“It isn’t any of our affair,” spoke Holly softly, “that is unless Sid wants our help, of course. I guess we shouldn’t have looked at this. It’s like reading another chap’s letters.”

“We couldn’t help it,” decided Phil. “Go ahead, Holly. Tell us about the trophy. Sid may be back soon.”

“All right, here goes,” and wiggling into a more comfortable position on the sofa, an operation fraught with much anxiety on the part of Phil and Tom, Holly launched into a description of the loving cup. But, unconsciously perhaps, he still held in his hand that scrap of paper—the paper with that one word on—“trouble.”


[CHAPTER II]

SID IS CAUGHT

“It’s this way,” began Holly, as he crossed one leg over, and clasped his hands under his recumbent head. “Randall has been looking up in athletics lately.

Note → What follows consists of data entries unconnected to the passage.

(* Fix integers $L\ge 1$ and $n_0,\dots,n_L\ge 1$, and let $\boldsymbol{\mathcal W}=\mathbb{R}^{n_0\times n_1}\times\cdots\times\mathbb{R}^{n_{L-1}\times n_L}$, which has dimension $N=\sum_{l=1}^L n_{l-1}n_l$. For $\mathbf W=(W_1,\dots,W_L)\in\boldsymbol{\mathcal W}$ let $F(\mathbf W,\cdot)\colon\mathbb{R}^{n_0}\to\mathbb{R}^{n_L}$ be the network map $F(\mathbf W,\cdot)=\Lambda_L(W_L,\cdot)\circ\cdots\circ\Lambda_1(W_1,\cdot)$, where $\Lambda_l(W_l,x)=\sigma_l(W_l^\top x+b_l)$ with fixed biases $b_l\in\mathbb{R}^{n_l}$, each $\sigma_l$ applies a smooth, monotonically increasing, Lipschitz scalar function entrywise for $l<L$, and $\sigma_L=\mathrm{id}$. Let $f^*\colon\boldsymbol{\mathcal X}\to\boldsymbol{\mathcal Y}$ be a map (the task map), let $x_1,\dots,x_T\in\boldsymbol{\mathcal X}$ and $y_i=f^*(x_i)$. Let $E\colon\boldsymbol{\mathcal Y}\times\boldsymbol{\mathcal Y}\to\mathbb{R}$ be an error function such that for every $y\in\boldsymbol{\mathcal Y}$, $E(\cdot,y)$ is differentiable, $E$ has global minima, and $\phi=y$ is a global minimum of $E(\cdot,y)$ if and only if the gradient $\nabla_E(\phi)$ of $E(\cdot,y)$ vanishes at $\phi=y$. Define the empirical loss $\mathcal J(\mathbf W)=\frac1T\sum_{i=1}^T E(F(\mathbf W,x_i),y_i)$ and the matrix $\mathbf P(\mathbf W)=[\mathrm D_1F(\mathbf W,x_1),\dots,\mathrm D_1F(\mathbf W,x_T)]\in\mathbb{R}^{N\times Tn_L}$, where $\mathrm D_1F(\mathbf W,x_i)\in\mathbb{R}^{N\times n_L}$ is the (transposed) Jacobian of $\mathbf W\mapsto F(\mathbf W,x_i)$, i.e. its columns are the gradients with respect to all $N$ weight entries of the $n_L$ output components. Suppose $\operatorname{rank}\mathbf P(\mathbf W)=Tn_L$ for all $\mathbf W\in\boldsymbol{\mathcal W}$. Then: (1) if exact learning is achievable, i.e. there is $\mathbf W^*\in\boldsymbol{\mathcal W}$ with $F(\mathbf W^*,x_i)=f^*(x_i)$ for all $i=1,\dots,T$, then $\mathbf W^*$ is a global minimum of $\mathcal J$ and all critical points of $\mathcal J$ are global minima; (2) if exact learning is unachievable (no such $\mathbf W^*$ exists), then $\mathcal J$ has no critical point; in particular $\mathcal J$ is non-coercive.
   Context: A critical point of $\mathcal J$ is a $\mathbf W$ with $\nabla\mathcal J(\mathbf W)=0$; by the chain rule $\nabla\mathcal J(\mathbf W)$ is proportional to $\mathbf P(\mathbf W)\boldsymbol\varepsilon(\mathbf W)$ with $\boldsymbol\varepsilon(\mathbf W)=[\nabla_E(F(\mathbf W,x_1))^\top,\dots,\nabla_E(F(\mathbf W,x_T))^\top]^\top\in\mathbb{R}^{Tn_L}$, where $\nabla_E(F(\mathbf W,x_i))$ is the gradient of $E(\cdot,y_i)$ at $F(\mathbf W,x_i)$. *)

theory Defs
  imports Complex_Main "Jordan_Normal_Form.DL_Rank"
begin

text \<open>Vectors of R^m are represented as functions nat => real vanishing outside {..<m}.\<close>

definition vsp :: "nat \<Rightarrow> (nat \<Rightarrow> real) set" where
  "vsp m = {v. \<forall>i\<ge>m. v i = 0}"

definition enorm :: "nat \<Rightarrow> (nat \<Rightarrow> real) \<Rightarrow> real" where
  "enorm m h = sqrt (\<Sum>i<m. (h i)\<^sup>2)"

definition has_grad :: "nat \<Rightarrow> ((nat \<Rightarrow> real) \<Rightarrow> real) \<Rightarrow> (nat \<Rightarrow> real) \<Rightarrow> (nat \<Rightarrow> real) \<Rightarrow> bool" where
  "has_grad m g phi G \<longleftrightarrow> G \<in> vsp m \<and>
     (\<forall>e>0. \<exists>d>0. \<forall>h\<in>vsp m. 0 < enorm m h \<and> enorm m h < d \<longrightarrow>
        \<bar>g (\<lambda>i. phi i + h i) - g phi - (\<Sum>i<m. G i * h i)\<bar> \<le> e * enorm m h)"

definition grad :: "nat \<Rightarrow> ((nat \<Rightarrow> real) \<Rightarrow> real) \<Rightarrow> (nat \<Rightarrow> real) \<Rightarrow> (nat \<Rightarrow> real)" where
  "grad m g phi = (THE G. has_grad m g phi G)"

definition differentiable_on_Rm :: "nat \<Rightarrow> ((nat \<Rightarrow> real) \<Rightarrow> real) \<Rightarrow> bool" where
  "differentiable_on_Rm m g \<longleftrightarrow> (\<forall>phi\<in>vsp m. \<exists>G. has_grad m g phi G)"

definition smooth_real :: "(real \<Rightarrow> real) \<Rightarrow> bool" where
  "smooth_real f \<longleftrightarrow> (\<exists>D. D 0 = f \<and> (\<forall>k x. (D k has_real_derivative D (Suc k) x) (at x)))"

definition lipschitz_real :: "(real \<Rightarrow> real) \<Rightarrow> bool" where
  "lipschitz_real f \<longleftrightarrow> (\<exists>C. \<forall>a b. \<bar>f a - f b\<bar> \<le> C * \<bar>a - b\<bar>)"

text \<open>Weight space: W = (W_1,...,W_L), W_l in R^(n_(l-1) x n_l), vectorised (row-major, layer by layer)
  into R^N with N = sum_l n_(l-1) n_l.\<close>
definition wdim :: "(nat \<Rightarrow> nat) \<Rightarrow> nat \<Rightarrow> nat" where
  "wdim n L = (\<Sum>l\<in>{1..L}. n (l - 1) * n l)"

definition widx :: "(nat \<Rightarrow> nat) \<Rightarrow> nat \<Rightarrow> nat \<Rightarrow> nat \<Rightarrow> nat" where
  "widx n l i j = (\<Sum>m\<in>{1..<l}. n (m - 1) * n m) + i * n l + j"

definition layer :: "(nat \<Rightarrow> nat) \<Rightarrow> (real \<Rightarrow> real) \<Rightarrow> (nat \<Rightarrow> real) \<Rightarrow> nat
                     \<Rightarrow> (nat \<Rightarrow> real) \<Rightarrow> (nat \<Rightarrow> real) \<Rightarrow> (nat \<Rightarrow> real)" where
  "layer n s bl l w v = (\<lambda>j. if j < n l then s ((\<Sum>i<n (l - 1). w (widx n l i j) * v i) + bl j) else 0)"
lemma zeta_primitive_series_eq:
  assumes y: "0 < y" "y < 1"
  shows "(\<Sum>k. zeta_primitive_term m k y) = zeta_primitive m y"
proof -
  define Q where "Q t = (\<Sum>k. zeta_primitive_term m k t) - zeta_primitive m t" for t
  have "DERIV Q t :> 0" if "t \<in> {0<..<1}" for t
  proof -
    have t: "0 < \<bar>t\<bar>" "\<bar>t\<bar> < 1" "0 < t" "t < 1"
      using that by auto
    have "(\<Sum>k. t^(2*m) * (rzeta (real (2 * Suc k)) * t ^ (2 * Suc k) / real (Suc k)))
            = t^(2*m) * ln (pi * t / sin (pi * t))"
      using sums_mult[OF sums_rzeta_ln_sin[OF t(1,2)]] by (simp add: sums_iff)
    then show ?thesis
      unfolding Q_def[abs_def]
      using DERIV_diff[OF zeta_primitive_series_has_real_derivative(2)[OF t(2), of m]
                          has_real_derivative_zeta_primitive[OF t(3,4), of m]]
      by simp
  qed
  then have const: "Q t = Q y" if "t \<in> {0<..<1}" for t
    using that y by (intro DERIV_isconst3[of 0 1]) auto
  have "isCont (\<lambda>y. \<Sum>k. zeta_primitive_term m k y) 0"
    by (rule DERIV_isCont[OF zeta_primitive_series_has_real_derivative(2)]) simp
  then have "((\<lambda>y. \<Sum>k. zeta_primitive_term m k y) \<longlongrightarrow> 0) (at_right 0)"
    by (simp add: isCont_def filterlim_at_split zeta_primitive_term_def)
  then have lim_0: "(Q \<longlongrightarrow> 0) (at_right 0)"
    unfolding Q_def[abs_def] using tendsto_diff[OF _ zeta_primitive_tendsto_0] by fastforce
  have lim_Q: "(Q \<longlongrightarrow> Q y) (at_right 0)"
    using const by (intro tendsto_eventually) (auto simp: eventually_at_right_field intro!: exI[of _ 1])
  have "Q y = 0"
    using tendsto_unique[OF _ lim_Q lim_0] by simp
  then show ?thesis
    by (simp add: Q_def)
qed
lemma regular_near_if_estimator_inj_on:
  fixes f h :: "'a::banach \<Rightarrow> 'b::real_normed_vector"
  assumes cont: "continuous_on UNIV f" and est: "strict_estimator f h mu z"
    and lop: "ereal (c + mu) < lop h z" and inj: "0 < \<delta>0" "inj_on f (ball z \<delta>0)"
    and c: "0 < c" and mu: "0 \<le> mu"
  obtains \<delta> where "0 < \<delta>" "regular_near f c z \<delta>"
proof -
  obtain \<alpha> U V where \<alpha>: "c + mu < \<alpha>" "open U" "z \<in> U" "open V" "h z \<in> V"
    and h_open: "\<And>x r. x \<in> U \<Longrightarrow> 0 < r \<Longrightarrow> ball (h x) (\<alpha> * r) \<inter> V \<subseteq> h ` ball x r"
    by (rule lop_greaterE[OF lop]) (use c mu in auto)
  obtain l U' where l: "0 < l" "l < \<alpha> - c" "open U'" "z \<in> U'"
    and e_lip: "\<And>x1 x2. x1 \<in> U' \<Longrightarrow> x2 \<in> U' \<Longrightarrow>
                  norm ((f x1 - h x1) - (f x2 - h x2)) \<le> l * norm (x1 - x2)"
    by (rule strict_estimator_lipschitz_near[OF est, of "\<alpha> - c"]) (use \<alpha>(1) in auto)
  obtain \<delta>1 where "0 < \<delta>1" "linearly_open_on f c (ball z \<delta>1) \<delta>1"
  proof (rule linearly_open_perturbation[where f = f and h = h and z = z and U = "U \<inter> U'" and V = V
        and \<alpha> = \<alpha> and m = l and c = c])
    show "open (U \<inter> U')" "z \<in> U \<inter> U'"
      using \<alpha> l by auto
  qed (use cont \<alpha> h_open e_lip l c in auto)
  then show ?thesis
    using regular_near_if_open_inj inj that by blast
qed

lemma linearly_open_on_if_regular_near:
  assumes "\<And>z. z \<in> K \<Longrightarrow> regular_near f c z \<delta>" "r \<le> \<delta>"
  shows "linearly_open_on f c K r"
  unfolding linearly_open_on_def
proof (intro ballI allI impI)
  fix w s assume w: "w \<in> K" and s: "0 < s" "s \<le> r"
  then have "w \<in> ball w \<delta>" "s \<le> \<delta>"
    using assms(2) by auto
  then show "ball (f w) (c * s) \<subseteq> f ` ball w s"
    using assms(1)[OF w] s(1) by (simp add: regular_near_def linearly_open_on_def)
qed

lemma exists_nat_divide_less:
  fixes \<rho> \<epsilon> :: real
  assumes "0 \<le> \<rho>" "0 < \<epsilon>"
  obtains N :: nat where "0 < N" "\<rho> / real N < \<epsilon>"
proof -
  obtain N :: nat where N: "\<rho> / \<epsilon> < real N"
    using reals_Archimedean2 by blast
  moreover have "0 \<le> \<rho> / \<epsilon>"
    using assms by simp
  ultimately have "0 < N"
    by linarith
  moreover have "\<rho> / real N < \<epsilon>"
    using N assms \<open>0 < N\<close> by (simp add: field_simps)
  ultimately show ?thesis
    using that by blast
qed

definition segment_lift ::
  "('a::real_normed_vector \<Rightarrow> 'b::real_normed_vector) \<Rightarrow> 'a \<Rightarrow> 'b \<Rightarrow> nat \<Rightarrow> real \<Rightarrow> (nat \<Rightarrow> 'a) \<Rightarrow> bool"
  where
  "segment_lift f x y N r X \<longleftrightarrow> X 0 = x \<and>
     (\<forall>k<N. f (X (Suc k)) = f x + (real (Suc k) / real N) *\<^sub>R (y - f x)
       \<and> norm (X (Suc k) - X k) < r)"

lemma segment_lift_dist:
  assumes "segment_lift f x y N r X" "k \<le> N"
  shows "norm (X k - x) \<le> real k * r"
proof -
  have "norm (X (Suc j) - X j) \<le> r" if "j < k" for j
    using assms that unfolding segment_lift_def by (meson less_imp_le order_less_le_trans)
  then show ?thesis
    using dist_le_sum_steps[of k X "\<lambda>_. r"] assms(1) by (simp add: segment_lift_def)
qed

lemma segment_lift_end:
  assumes "segment_lift f x y N r X" "0 < N"
  shows "f (X N) = y"
  using assms by (cases N) (auto simp: segment_lift_def)

lemma segment_lift_exists:
  assumes open_f: "linearly_open_on f c (cball x (real N * r)) r" and r: "0 < r"
    and y: "norm (y - f x) < real N * c * r"
  shows "\<exists>X. segment_lift f x y N r X"
proof -
  define t where "t k = f x + (real k / real N) *\<^sub>R (y - f x)" for k
  have N: "0 < N"
    using y by (cases N) auto
  have t_step: "norm (t (Suc k) - t k) < c * r" for k
  proof -
    have "t (Suc k) - t k = (1 / real N) *\<^sub>R (y - f x)"
      by (simp add: t_def add_divide_distrib scaleR_add_left)
    then show ?thesis
      using y N by (simp add: divide_less_eq mult.commute mult.left_commute)
  qed
  have "\<exists>X. X 0 = x \<and> (\<forall>j<k. f (X (Suc j)) = t (Suc j) \<and> norm (X (Suc j) - X j) < r)"
    if "k \<le> N" for k
    using that
  proof (induction k)
    case 0
    show ?case by (intro exI[of _ "\<lambda>_. x"]) simp
  next
    case (Suc k)
    then obtain X where X: "X 0 = x" "\<forall>j<k. f (X (Suc j)) = t (Suc j) \<and> norm (X (Suc j) - X j) < r"
      by auto
    have "f (X k) = t k"
      using X by (cases k) (simp_all add: t_def)
    have "norm (X k - x) \<le> real k * r"
      using dist_le_sum_steps[of k X "\<lambda>_. r"] X by (simp add: less_imp_le)
    also have "\<dots> \<le> real N * r"
      using Suc.prems r by (intro mult_right_mono) auto
    finally have "X k \<in> cball x (real N * r)"
      by (simp add: dist_norm norm_minus_commute)
    then have "ball (f (X k)) (c * r) \<subseteq> f ` ball (X k) r"
      using open_f r unfolding linearly_open_on_def by blast
    moreover have "t (Suc k) \<in> ball (f (X k)) (c * r)"
      using t_step \<open>f (X k) = t k\<close> by (simp add: dist_norm norm_minus_commute)
    ultimately obtain w where w: "w \<in> ball (X k) r" "f w = t (Suc k)"
      by (metis imageE subsetD)
    show ?case
      using X w
      by (intro exI[of _ "X(Suc k := w)"]) (auto simp: dist_norm norm_minus_commute less_Suc_eq)
  qed
  from this[of N] show ?thesis
    by (auto simp: segment_lift_def t_def)
qed

lemma segment_lift_image_dist:
  assumes X: "segment_lift f x y N r X" and X': "segment_lift f x' y N r X'" and k: "k < N"
  shows "norm (f (X (Suc k)) - f (X' (Suc k))) \<le> norm (f x - f x')"
proof -
  define s where "s = real (Suc k) / real N"
  have s: "0 \<le> s" "s \<le> 1"
    using k by (auto simp: s_def)
  have "f (X (Suc k)) - f (X' (Suc k)) = (f x + s *\<^sub>R (y - f x)) - (f x' + s *\<^sub>R (y - f x'))"
    using X X' k by (simp add: segment_lift_def s_def)
  also have "\<dots> = (1 - s) *\<^sub>R (f x - f x')"
    by (simp add: algebra_simps)
  finally have "norm (f (X (Suc k)) - f (X' (Suc k))) = (1 - s) * norm (f x - f x')"
    using s by simp
  also have "\<dots> \<le> norm (f x - f x')"
    using s by (simp add: mult_left_le_one_le)
  finally show ?thesis .
qed
(* Let $X$ be an exponential vector space over a field $K$. If $Q(X)\neq\emptyset$, then $Q(X)$ contains a maximal orderly independent set, i.e. an orderly independent subset $B\subseteq Q(X)$ such that no orderly independent subset of $Q(X)$ properly contains $B$.
   Context: An exponential vector space (evs) over a field $K$ is a partially ordered set $(X,\leq)$ with a binary operation $+$ on $X$ and a map $K\times X\to X$, $(\alpha,x)\mapsto \alpha x$, such that: (A1) $(X,+)$ is a commutative semigroup with identity $\theta$; (A2) $x\leq y$ implies $x+z\leq y+z$ and $\alpha x\leq \alpha y$ for all $z\in X$, $\alpha\in K$; (A3) $\alpha(x+y)=\alpha x+\alpha y$, $\alpha(\beta x)=(\alpha\beta)x$, $(\alpha+\beta)x\leq \alpha x+\beta x$, $1x=x$; (A4) $\alpha x=\theta$ iff $\alpha=0$ or $x=\theta$; (A5) $x+(-1)x=\theta$ iff $x\in X_0$, where $X_0:=\{z\in X: y\not\leq z \text{ for all } y\in X\smallsetminus\{z\}\}$ (the set of minimal elements, called the primitive space; it is a vector space over $K$); (A6) for each $x\in X$ there is $p\in X_0$ with $p\leq x$. For $x\in X\smallsetminus X_0$ let $L(x):=\{z\in X: z\geq \alpha x+p \text{ for some } \alpha\in K\smallsetminus\{0\},\ p\in X_0\}$. Elements $x,y\in X\smallsetminus X_0$ are orderly dependent if $x\in L(y)$ or $y\in L(x)$, and orderly independent otherwise; a subset $B\subseteq X\smallsetminus X_0$ is orderly independent if any two distinct members of $B$ are orderly independent. For $x\in X$ write $\downarrow x:=\{z\in X: z\leq x\}$. The feasible set is $Q(X):=\{x\in X\smallsetminus X_0: (\downarrow x\smallsetminus X_0)\subseteq L(x)\}$. *)

theory Defs
  imports Main
begin

text \<open>An exponential vector space over a field 'k: the carrier is the whole type 'x,
  with partial order le, addition add with identity th, and scalar multiplication sm.\<close>

definition prim :: "('x \<Rightarrow> 'x \<Rightarrow> bool) \<Rightarrow> 'x set" where
  "prim le = {z. \<forall>y. y \<noteq> z \<longrightarrow> \<not> le y z}"

definition evs :: "('x \<Rightarrow> 'x \<Rightarrow> bool) \<Rightarrow> ('x \<Rightarrow> 'x \<Rightarrow> 'x) \<Rightarrow> ('k::field \<Rightarrow> 'x \<Rightarrow> 'x) \<Rightarrow> 'x \<Rightarrow> bool" where
  "evs le add sm th \<longleftrightarrow>
     (\<forall>x. le x x) \<and> (\<forall>x y. le x y \<and> le y x \<longrightarrow> x = y) \<and>
     (\<forall>x y z. le x y \<and> le y z \<longrightarrow> le x z) \<and>
     \<comment> \<open>A1\<close>
     (\<forall>x y z. add (add x y) z = add x (add y z)) \<and> (\<forall>x y. add x y = add y x) \<and>
     (\<forall>x. add th x = x) \<and>
     \<comment> \<open>A2\<close>
     (\<forall>x y z a. le x y \<longrightarrow> le (add x z) (add y z) \<and> le (sm a x) (sm a y)) \<and>
     \<comment> \<open>A3\<close>
     (\<forall>a x y. sm a (add x y) = add (sm a x) (sm a y)) \<and>
     (\<forall>a b x. sm a (sm b x) = sm (a * b) x) \<and>
     (\<forall>a b x. le (sm (a + b) x) (add (sm a x) (sm b x))) \<and>
     (\<forall>x. sm 1 x = x) \<and>
     \<comment> \<open>A4\<close>
     (\<forall>a x. sm a x = th \<longleftrightarrow> a = 0 \<or> x = th) \<and>
     \<comment> \<open>A5\<close>
     (\<forall>x. add x (sm (-1) x) = th \<longleftrightarrow> x \<in> prim le) \<and>
     \<comment> \<open>A6\<close>
     (\<forall>x. \<exists>p \<in> prim le. le p x)"

definition Lset :: "('x \<Rightarrow> 'x \<Rightarrow> bool) \<Rightarrow> ('x \<Rightarrow> 'x \<Rightarrow> 'x) \<Rightarrow> ('k::field \<Rightarrow> 'x \<Rightarrow> 'x) \<Rightarrow> 'x \<Rightarrow> 'x set" where
  "Lset le add sm x = {z. \<exists>a p. a \<noteq> 0 \<and> p \<in> prim le \<and> le (add (sm a x) p) z}"

definition orderly_dependent :: "('x \<Rightarrow> 'x \<Rightarrow> bool) \<Rightarrow> ('x \<Rightarrow> 'x \<Rightarrow> 'x) \<Rightarrow> ('k::field \<Rightarrow> 'x \<Rightarrow> 'x) \<Rightarrow> 'x \<Rightarrow> 'x \<Rightarrow> bool" where
  "orderly_dependent le add sm x y \<longleftrightarrow> x \<in> Lset le add sm y \<or> y \<in> Lset le add sm x"

definition orderly_independent_set :: "('x \<Rightarrow> 'x \<Rightarrow> bool) \<Rightarrow> ('x \<Rightarrow> 'x \<Rightarrow> 'x) \<Rightarrow> ('k::field \<Rightarrow> 'x \<Rightarrow> 'x) \<Rightarrow> 'x set \<Rightarrow> bool" where
  "orderly_independent_set le add sm B \<longleftrightarrow>
     B \<subseteq> - prim le \<and> (\<forall>x\<in>B. \<forall>y\<in>B. x \<noteq> y \<longrightarrow> \<not> orderly_dependent le add sm x y)"

definition feasible :: "('x \<Rightarrow> 'x \<Rightarrow> bool) \<Rightarrow> ('x \<Rightarrow> 'x \<Rightarrow> 'x) \<Rightarrow> ('k::field \<Rightarrow> 'x \<Rightarrow> 'x) \<Rightarrow> 'x set" where
  "feasible le add sm = {x. x \<notin> prim le \<and> ({z. le z x} - prim le) \<subseteq> Lset le add sm x}"

end

theory Submission
  imports Defs
begin

text \<open>Orderly independence is a pairwise condition, so it survives unions of chains and
  Zorn's lemma yields a maximal orderly independent subset of \<open>Q(X)\<close>.\<close>

lemma exists_maximal_pairwise_subset:
  "\<exists>B\<subseteq>S. pairwise R B \<and> (\<forall>C\<subseteq>S. pairwise R C \<and> B \<subseteq> C \<longrightarrow> C = B)"
proof -
  let ?A = "{B. B \<subseteq> S \<and> pairwise R B}"
  have "\<Union>\<C> \<in> ?A" if "\<C> \<in> chains ?A" for \<C>
  proof -
    have "\<C> \<subseteq> ?A" and "chain\<^sub>\<subseteq> \<C>"
      using that unfolding chains_def by auto
    then show ?thesis
      using pairwise_chain_Union[of \<C> R] by blast
  qed
  then obtain M where "M \<in> ?A" "\<forall>X\<in>?A. M \<subseteq> X \<longrightarrow> X = M"
    using Zorn_Lemma[of ?A] by blast
  then show ?thesis by blast
qed

lemma orderly_independent_set_iff_pairwise:
  "orderly_independent_set le add sm B \<longleftrightarrow>
     B \<subseteq> - prim le \<and> pairwise (\<lambda>x y. \<not> orderly_dependent le add sm x y) B"
  unfolding orderly_independent_set_def pairwise_def by blast

lemma feasible_subset_Compl_prim: "feasible le add sm \<subseteq> - prim le"
  unfolding feasible_def by blast

theorem mainTheorem6:
  fixes le :: "'x \<Rightarrow> 'x \<Rightarrow> bool" and add :: "'x \<Rightarrow> 'x \<Rightarrow> 'x"
    and sm :: "'k::field \<Rightarrow> 'x \<Rightarrow> 'x" and th :: 'x
  assumes "evs le add sm th"
    and "feasible le add sm \<noteq> {}"
  shows "\<exists>B. B \<subseteq> feasible le add sm \<and> orderly_independent_set le add sm B \<and>
           (\<forall>C. C \<subseteq> feasible le add sm \<and> orderly_independent_set le add sm C \<and> B \<subseteq> C \<longrightarrow> C = B)"
proof -
  let ?Q = "feasible le add sm" and ?R = "\<lambda>x y. \<not> orderly_dependent le add sm x y"
  have independent_iff: "orderly_independent_set le add sm C \<longleftrightarrow> pairwise ?R C"
    if "C \<subseteq> ?Q" for C
    using that feasible_subset_Compl_prim[of le add sm]
    unfolding orderly_independent_set_iff_pairwise by blast
  obtain B where B: "B \<subseteq> ?Q" "pairwise ?R B"
      and maximal: "\<And>C. C \<subseteq> ?Q \<Longrightarrow> pairwise ?R C \<Longrightarrow> B \<subseteq> C \<Longrightarrow> C = B"
    using exists_maximal_pairwise_subset[of ?Q ?R] by auto
  show ?thesis
  proof (intro exI conjI allI impI)
    show "B \<subseteq> ?Q" and "orderly_independent_set le add sm B"
      using B independent_iff by simp_all
    show "C = B" if "C \<subseteq> ?Q \<and> orderly_independent_set le add sm C \<and> B \<subseteq> C" for C
      using that maximal independent_iff by metis
  qed
qed

end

Since we did so well last season on the diamond, and won the championship at football, some of the old grads and men who have such ‘oodles’ of money that they don’t know what to do with it, have a kindlier feeling for the old college. It’s that which brought about the presentation of the loving cup trophy, or, rather the offer of it to the winner of the baseball championship of the Tonoka Lake League. The cup will be worth winning, so the doctor says.”

“How’d he come to tell you?” asked Phil.

“I happened to go to his study to consult him about some of my studies——” began Holly.